• [TASK OBJECTIVE]: Each line from the first down to the one containing "by (auto simp: interlaced_between_def succ_part_def)" should be returned exactly as it appears below.

• [Data items]:
lemma skew_schur_eq_chain_sum:
  assumes "l \<in> partitions" "m \<in> partitions"
  shows "skew_schur l m xs = chain_sum m l xs"
  using assms(2)
proof (induction xs arbitrary: m)
  case Nil
  show ?case
  proof (cases "m = l")
    case True
    have "skew_cells l l = {}" by (simp add: skew_cells_def)
    then have "ssyt l l 0 = {\<lambda>_. undefined}" by (auto simp: ssyt_def)
    with True \<open>skew_cells l l = {}\<close> show ?thesis by (simp add: skew_schur_def)
  next
    case False
    have "ssyt l m 0 = {}" if "subpart m l"
    proof -
      obtain i where "m i < l i" using \<open>m \<noteq> l\<close> \<open>subpart m l\<close>
        by (metis ext le_neq_implies_less subpart_def)
      then have "(i, m i) \<in> skew_cells l m" by (simp add: skew_cells_iff)
      then show ?thesis by (auto simp: ssyt_def PiE_eq_empty_iff)
    qed
    with False show ?thesis by (simp add: skew_schur_def)
  qed
next
  case (Cons x xs)
  have "k \<in> partitions" if "k \<in> hstrips m l" for k
    using that assms(1) by (auto simp: hstrips_def intro: succ_part_in_partitions partition_support_finite)
  then show ?case using skew_schur_Cons[OF assms(1) Cons.prems] Cons.IH by simp
qed

section \<open>Symmetry of skew Schur polynomials\<close>

definition interlaced_between :: "(nat \<Rightarrow> nat) \<Rightarrow> (nat \<Rightarrow> nat) \<Rightarrow> (nat \<Rightarrow> nat) set" where
  "interlaced_between m r = {k. succ_part k m \<and> succ_part r k}"

definition bk_lower :: "(nat \<Rightarrow> nat) \<Rightarrow> (nat \<Rightarrow> nat) \<Rightarrow> nat \<Rightarrow> nat" where
  "bk_lower m r i = max (m i) (r (Suc i))"

definition bk_upper :: "(nat \<Rightarrow> nat) \<Rightarrow> (nat \<Rightarrow> nat) \<Rightarrow> nat \<Rightarrow> nat" where
  "bk_upper m r i = (case i of 0 \<Rightarrow> r 0 | Suc j \<Rightarrow> min (r (Suc j)) (m j))"

lemma interlaced_between_iff_bk_bounds:
  "k \<in> interlaced_between m r \<longleftrightarrow> (\<forall>i. bk_lower m r i \<le> k i \<and> k i \<le> bk_upper m r i)"
proof
  assume "k \<in> interlaced_between m r"
  then have "m i \<le> k i" "k (Suc i) \<le> m i" "k i \<le> r i" "r (Suc i) \<le> k i" for i
    by (auto simp: interlaced_between_def succ_part_def)
  then show "\<forall>i. bk_lower m r i \<le> k i \<and> k i \<le> bk_upper m r i"
    by (auto simp: bk_lower_def bk_upper_def split: nat.split)
next
  assume h: "\<forall>i. bk_lower m r i \<le> k i \<and> k i \<le> bk_upper m r i"
  have "k i \<le> r i" for i
  proof -
    have "k i \<le> bk_upper m r i" using h by simp
    then show ?thesis by (cases i) (auto simp: bk_upper_def)
  qed
  moreover have "k (Suc i) \<le> m i" for i
    using h[rule_format, of "Suc i"] by (simp add: bk_upper_def)
  ultimately show "k \<in> interlaced_between m r"
    using h by (auto simp: interlaced_between_def succ_part_def bk_lower_def)
qed

lemma sum_bk_bounds:
  "(\<Sum>i<Suc M. bk_lower m r i + bk_upper m r i) = r 0 + (\<Sum>i<M. m i + r (Suc i)) + bk_lower m r M"
proof -
  have "(\<Sum>i<Suc M. bk_upper m r i) = r 0 + (\<Sum>i<M. min (r (Suc i)) (m i))"
    by (subst sum.lessThan_Suc_shift) (simp add: bk_upper_def)
  moreover have "(\<Sum>i<M. max (m i) (r (Suc i))) + (\<Sum>i<M. min (r (Suc i)) (m i))
      = (\<Sum>i<M. m i + r (Suc i))"
    by (subst sum.distrib[symmetric]) (intro sum.cong; auto)
  ultimately show ?thesis by (simp add: sum.distrib bk_lower_def)
qed

text \<open>Bender--Knuth: reflecting each \<open>k i\<close> inside \<open>[bk_lower m r i, bk_upper m r i]\<close> is an
  involution of \<open>interlaced_between m r\<close> that exchanges \<open>|k| - |m|\<close> and \<open>|r| - |k|\<close>.\<close>

lemma bender_knuth_symmetry:
  fixes x y :: real
  assumes fr: "finite {i. r i \<noteq> 0}"
  shows "(\<Sum>k\<in>interlaced_between m r. x ^ (psize k - psize m) * y ^ (psize r - psize k))
       = (\<Sum>k\<in>interlaced_between m r. y ^ (psize k - psize m) * x ^ (psize r - psize k))"
proof (cases "interlaced_between m r = {}")
  case False
  then obtain k0 where "k0 \<in> interlaced_between m r" by auto
  then have mr: "subpart m r"
    by (auto simp: interlaced_between_def dest!: succ_part_imp_subpart intro: subpart_trans)
  obtain M where M: "{i. r i \<noteq> 0} \<subseteq> {..<M}" using fr finite_nat_iff_bounded by blast
  then have rM: "r M = 0" "r (Suc M) = 0" by auto
  with mr have mM: "m M = 0" by (metis le_0_eq subpart_def)
  define bk where "bk k = (\<lambda>i. bk_lower m r i + bk_upper m r i - k i)" for k
  have bounds: "bk_lower m r i \<le> k i \<and> k i \<le> bk_upper m r i" if "k \<in> interlaced_between m r" for k i
    using that by (simp add: interlaced_between_iff_bk_bounds)
  have bk_between: "bk k \<in> interlaced_between m r" if "k \<in> interlaced_between m r" for k
  proof -
    have "bk_lower m r i \<le> bk k i \<and> bk k i \<le> bk_upper m r i" for i
      unfolding bk_def using bounds[OF that, of i] by arith
    then show ?thesis by (simp add: interlaced_between_iff_bk_bounds)
  qed
  have bk_bk: "bk (bk k) = k" if "k \<in> interlaced_between m r" for k
  proof
    fix i show "bk (bk k) i = k i" unfolding bk_def using bounds[OF that, of i] by arith
  qed
  have sub_r: "subpart k r" if "k \<in> interlaced_between m r" for k
    using that by (simp add: interlaced_between_def succ_part_imp_subpart)
  have sizes: "psize (bk k) + psize k = psize r + psize m" "psize m \<le> psize k" "psize k \<le> psize r"
    if k: "k \<in> interlaced_between m r" for k
  proof -
    have supp: "{i. p i \<noteq> 0} \<subseteq> {..<Suc M}" if "subpart p r" for p
      using subpart_support[OF that] M by auto
    have "psize (bk k) + psize k = (\<Sum>i<Suc M. bk k i + k i)"
      using psize_eq_sum_lessThan[OF supp[OF sub_r[OF bk_between[OF k]]]]
        psize_eq_sum_lessThan[OF supp[OF sub_r[OF k]]] by (simp add: sum.distrib)
    also have "\<dots> = (\<Sum>i<Suc M. bk_lower m r i + bk_upper m r i)"
    proof (intro sum.cong refl)
      fix i show "bk k i + k i = bk_lower m r i + bk_upper m r i"
        unfolding bk_def using bounds[OF k, of i] by arith
    qed
    also have "\<dots> = r 0 + (\<Sum>i<M. m i + r (Suc i)) + bk_lower m r M"
      by (rule sum_bk_bounds)
    also have "\<dots> = (\<Sum>i<Suc M. r i) + (\<Sum>i<Suc M. m i)"
    proof -
      have "(\<Sum>i<Suc M. r i) = r 0 + (\<Sum>i<M. r (Suc i))" by (rule sum.lessThan_Suc_shift)
      moreover have "(\<Sum>i<Suc M. m i) = (\<Sum>i<M. m i)" using mM by simp
      moreover have "bk_lower m r M = 0" using rM mM by (simp add: bk_lower_def)
      ultimately show ?thesis by (simp add: sum.distrib)
    qed
    also have "\<dots> = psize r + psize m"
      using psize_eq_sum_lessThan[OF supp[OF subpart_refl]] psize_eq_sum_lessThan[OF supp[OF mr]] by simp
    finally show "psize (bk k) + psize k = psize r + psize m" .
    show "psize m \<le> psize k"
      using k by (intro psize_mono finite_support_subpart[OF sub_r[OF k] fr])
        (simp add: interlaced_between_def succ_part_imp_subpart)
    show "psize k \<le> psize r" by (intro psize_mono[OF sub_r[OF k] fr])
  qed
  show ?thesis
  proof (rule sum.reindex_bij_witness[of _ bk bk])
    fix k assume k: "k \<in> interlaced_between m r"
    have "psize (bk k) - psize m = psize r - psize k" "psize r - psize (bk k) = psize k - psize m"
      using sizes[OF k] by auto
    then show "y ^ (psize (bk k) - psize m) * x ^ (psize r - psize (bk k))
             = x ^ (psize k - psize m) * y ^ (psize r - psize k)"
      by (simp add: mult.commute)
  qed (use bk_bk bk_between in auto)
qed simp

lemma chain_sum_Cons_Cons:
  assumes fl: "finite {i. l i \<noteq> 0}"
  shows "chain_sum m l (x # y # xs) = (\<Sum>r\<in>{r. subpart r l}.
     (\<Sum>k\<in>interlaced_between m r. x ^ (psize k - psize m) * y ^ (psize r - psize k)) * chain_sum r l xs)"
proof -
  have "chain_sum m l (x # y # xs) = (\<Sum>k\<in>hstrips m l. \<Sum>r\<in>{r. subpart r l \<and> succ_part r k}.
          x ^ (psize k - psize m) * (y ^ (psize r - psize k) * chain_sum r l xs))"
    by (simp add: sum_distrib_left hstrips_def conj_commute)
  also have "\<dots> = (\<Sum>r\<in>{r. subpart r l}. \<Sum>k\<in>{k. k \<in> hstrips m l \<and> succ_part r k}.
          x ^ (psize k - psize m) * (y ^ (psize r - psize k) * chain_sum r l xs))"
    using sum.swap_restrict[OF finite_hstrips[OF fl] finite_subparts[OF fl]] by simp
  also have "\<dots> = (\<Sum>r\<in>{r. subpart r l}.
     (\<Sum>k\<in>interlaced_between m r. x ^ (psize k - psize m) * y ^ (psize r - psize k)) * chain_sum r l xs)"
  proof (intro sum.cong refl)
    fix r assume "r \<in> {r. subpart r l}"
    then have "{k. k \<in> hstrips m l \<and> succ_part r k} = interlaced_between m r"
      by (auto simp: hstrips_def interlaced_between_def dest: succ_part_imp_subpart intro: subpart_trans)
    then show "(\<Sum>k\<in>{k. k \<in> hstrips m l \<and> succ_part r k}.
                 x ^ (psize k - psize m) * (y ^ (psize r - psize k) * chain_sum r l xs))
             = (\<Sum>k\<in>interlaced_between m r. x ^ (psize k - psize m) * y ^ (psize r - psize k)) * chain_sum r l xs"
      by (simp add: sum_distrib_right mult.assoc)
  qed
  finally show ?thesis .
qed

lemma chain_sum_swap:
  assumes fl: "finite {i. l i \<noteq> 0}"
  shows "chain_sum m l (x # y # xs) = chain_sum m l (y # x # xs)"
  unfolding chain_sum_Cons_Cons[OF fl]
  using finite_support_subpart[OF _ fl] by (intro sum.cong refl) (simp add: bender_knuth_symmetry)

lemma chain_sum_snoc:
  assumes fl: "finite {i. l i \<noteq> 0}"
  shows "chain_sum m l (xs @ [x]) = chain_sum m l (x # xs)"
proof (induction xs arbitrary: m)
  case (Cons y ys)
  then have "chain_sum m l ((y # ys) @ [x]) = chain_sum m l (y # x # ys)" by simp
  also have "\<dots> = chain_sum m l (x # y # ys)" by (rule chain_sum_swap[OF fl])
  finally show ?case .
qed simp

lemma chain_sum_rev:
  assumes fl: "finite {i. l i \<noteq> 0}"
  shows "chain_sum m l (rev xs) = chain_sum m l xs"
  by (induction xs arbitrary: m) (simp_all add: chain_sum_snoc[OF fl])

section \<open>Transfer sums along paths\<close>

definition paths :: "(int \<Rightarrow> 's set) \<Rightarrow> int \<Rightarrow> int \<Rightarrow> 's \<Rightarrow> 's \<Rightarrow> (int \<Rightarrow> 's) set" where
  "paths B a b x y = {c \<in> Pi\<^sub>E {a..b} B. c a = x \<and> c b = y}"

definition path_sum ::
    "(int \<Rightarrow> 's set) \<Rightarrow> (int \<Rightarrow> 's \<Rightarrow> 's \<Rightarrow> real) \<Rightarrow> int \<Rightarrow> int \<Rightarrow> 's \<Rightarrow> 's \<Rightarrow> real" where
  "path_sum B g a b x y = (\<Sum>c\<in>paths B a b x y. \<Prod>k\<in>{a..<b}. g k (c k) (c (k + 1)))"

lemma finite_paths: "(\<And>t. finite (B t)) \<Longrightarrow> finite (paths B a b x y)"
  unfolding paths_def by (rule finite_subset[of _ "Pi\<^sub>E {a..b} B"]) (auto intro: finite_PiE)

lemma path_sum_refl: "path_sum B g a a x y = (if x = y \<and> x \<in> B a then 1 else 0)"
proof -
  have "paths B a a x y = (if x = y \<and> x \<in> B a then {(\<lambda>t. if t = a then x else undefined)} else {})"
    unfolding paths_def by (auto simp: PiE_def extensional_def)
  then show ?thesis by (auto simp: path_sum_def)
qed

lemma path_sum_single_step:
  "path_sum B g a (a + 1) x y = (if x \<in> B a \<and> y \<in> B (a + 1) then g a x y else 0)"
proof -
  let ?c = "\<lambda>t. if t = a then x else if t = a + 1 then y else undefined"
  have "{a..a + 1} = {a, a + 1}" by auto
  then have "paths B a (a + 1) x y = (if x \<in> B a \<and> y \<in> B (a + 1) then {?c} else {})"
    unfolding paths_def by (auto simp: PiE_def extensional_def)
  moreover have "{a..<a + 1} = {a}" by auto
  ultimately show ?thesis by (simp add: path_sum_def)
qed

• [ANSWER AREA]:
lemma skew_schur_eq_chain_sum:
  assumes "l \<in> partitions" "m \<in> partitions"
  shows "skew_schur l m xs = chain_sum m l xs"
  using assms(2)
proof (induction xs arbitrary: m)
  case Nil
  show ?case
  proof (cases "m = l")
    case True
    have "skew_cells l l = {}" by (simp add: skew_cells_def)
    then have "ssyt l l 0 = {\<lambda>_. undefined}" by (auto simp: ssyt_def)
    with True \<open>skew_cells l l = {}\<close> show ?thesis by (simp add: skew_schur_def)
  next
    case False
    have "ssyt l m 0 = {}" if "subpart m l"
    proof -
      obtain i where "m i < l i" using \<open>m \<noteq> l\<close> \<open>subpart m l\<close>
        by (metis ext le_neq_implies_less subpart_def)
      then have "(i, m i) \<in> skew_cells l m" by (simp add: skew_cells_iff)
      then show ?thesis by (auto simp: ssyt_def PiE_eq_empty_iff)
    qed
    with False show ?thesis by (simp add: skew_schur_def)
  qed
next
  case (Cons x xs)
  have "k \<in> partitions" if "k \<in> hstrips m l" for k
    using that assms(1) by (auto simp: hstrips_def intro: succ_part_in_partitions partition_support_finite)
  then show ?case using skew_schur_Cons[OF assms(1) Cons.prems] Cons.IH by simp
qed

section \<open>Symmetry of skew Schur polynomials\<close>

definition interlaced_between :: "(nat \<Rightarrow> nat) \<Rightarrow> (nat \<Rightarrow> nat) \<Rightarrow> (nat \<Rightarrow> nat) set" where
  "interlaced_between m r = {k. succ_part k m \<and> succ_part r k}"

definition bk_lower :: "(nat \<Rightarrow> nat) \<Rightarrow> (nat \<Rightarrow> nat) \<Rightarrow> nat \<Rightarrow> nat" where
  "bk_lower m r i = max (m i) (r (Suc i))"

definition bk_upper :: "(nat \<Rightarrow> nat) \<Rightarrow> (nat \<Rightarrow> nat) \<Rightarrow> nat \<Rightarrow> nat" where
  "bk_upper m r i = (case i of 0 \<Rightarrow> r 0 | Suc j \<Rightarrow> min (r (Suc j)) (m j))"

lemma interlaced_between_iff_bk_bounds:
  "k \<in> interlaced_between m r \<longleftrightarrow> (\<forall>i. bk_lower m r i \<le> k i \<and> k i \<le> bk_upper m r i)"
proof
  assume "k \<in> interlaced_between m r"
  then have "m i \<le> k i" "k (Suc i) \<le> m i" "k i \<le> r i" "r (Suc i) \<le> k i" for i
    by (auto simp: interlaced_between_def succ_part_def)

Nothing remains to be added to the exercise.